TASK DESCRIPTION: Word for word, restate every entry shown below.

DATA:
lemma after_y_ne_before_z:
  assumes "finite Q" "m \<in> strip_y ` Q" "m' \<in> strip_z ` Q" shows "after_y Q m \<noteq> before_z Q m'"
proof
  assume e: "after_y Q m = before_z Q m'"
  obtain x y t where G: "after_y Q m = (x,y,t)" by (cases "after_y Q m") auto
  have g: "(x,y,t) = tri_y m (last_y Q m + 1)" "(x,y,t) = tri_z m' (first_z Q m' - 1)"
    using G e by (simp_all add: after_y_def before_z_def)
  have "strip_y (x,y,t) = m" "rank_yz (x,y,t) = last_y Q m + 1"
    "strip_z (x,y,t) = m'" "rank_yz (x,y,t) = first_z Q m' - 1"
    by (subst g(1), simp)+ (subst g(2), simp)+
  then have m: "y = m" "m' = x + y + of_bool t" and ly: "last_y Q m = 2*x + of_bool t - 1"
    and fz: "first_z Q m' = 2*x + of_bool t + 1"
    by (auto simp: strip_y_def strip_z_def rank_yz_def)
  show False
  proof (cases t)
    case True
    have "tri_z m' (first_z Q m') = (x+1,y,False)" using fz True m by (simp add: tri_z_def)
    then show False
      using first_z(1)[OF assms(1,3)] last_y(2)[OF assms(1,2), of "(x+1,y,False)"] ly m True
      by (simp add: strip_y_def rank_yz_def)
  next
    case False
    have "tri_y m (last_y Q m) = (x-1,y,True)" using ly False m by (simp add: tri_y_def)
    then show False
      using last_y(1)[OF assms(1,2)] first_z(2)[OF assms(1,3), of "(x-1,y,True)"] fz m False
      by (simp add: strip_z_def rank_yz_def)
  qed
qed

RESPONSE AREA:
lemma after_y_ne_before_z:
  assumes "finite Q" "m \<in> strip_y ` Q" "m' \<in> strip_z ` Q" shows "after_y Q m \<noteq> before_z Q m'"
proof
  assume e: "after_y Q m = before_z Q m'"
  obtain x y t where G: "after_y Q m = (x,y,t)" by (cases "after_y Q m") auto
  have g: "(x,y,t) = tri_y m (last_y Q m + 1)" "(x,y,t) = tri_z m' (first_z Q m' - 1)"
    using G e by (simp_all add: after_y_def before_z_def)
  have "strip_y (x,y,t) = m" "rank_yz (x,y,t) = last_y Q m + 1"
    "strip_z (x,y,t) = m'" "rank_yz (x,y,t) = first_z Q m' - 1"
    by (subst g(1), simp)+ (subst g(2), simp)+
  then have m: "y = m" "m' = x + y + of_bool t" and ly: "last_y Q m = 2*x + of_bool t - 1"
    and fz: "first_z Q m' = 2*x + of_bool t + 1"
    by (auto simp: strip_y_def strip_z_def rank_yz_def)
  show False
  proof (cases t)
    case True
    have "tri_z m' (first_z Q m') = (x+1,y,False)" using fz True m by (simp add: tri_z_def)
    then show False
      using first_z(1)[OF assms(1,3)] last_y(2)[OF assms(1,2), of "(x+1,y,False)"] ly m True
      by (simp add: strip_y_def rank_yz_def)
  next
    case False
    have "tri_y m (last_y Q m) = (x-1,y,True)" using ly False m by (simp add: tri_y_def)
    then show False
      using last_y(1)[OF assms(1,2)] first_z(2)[OF assms(1,3), of "(x-1,y,True)"] fz m False
      by (simp add: strip_z_def rank_yz_def)
  qed
qed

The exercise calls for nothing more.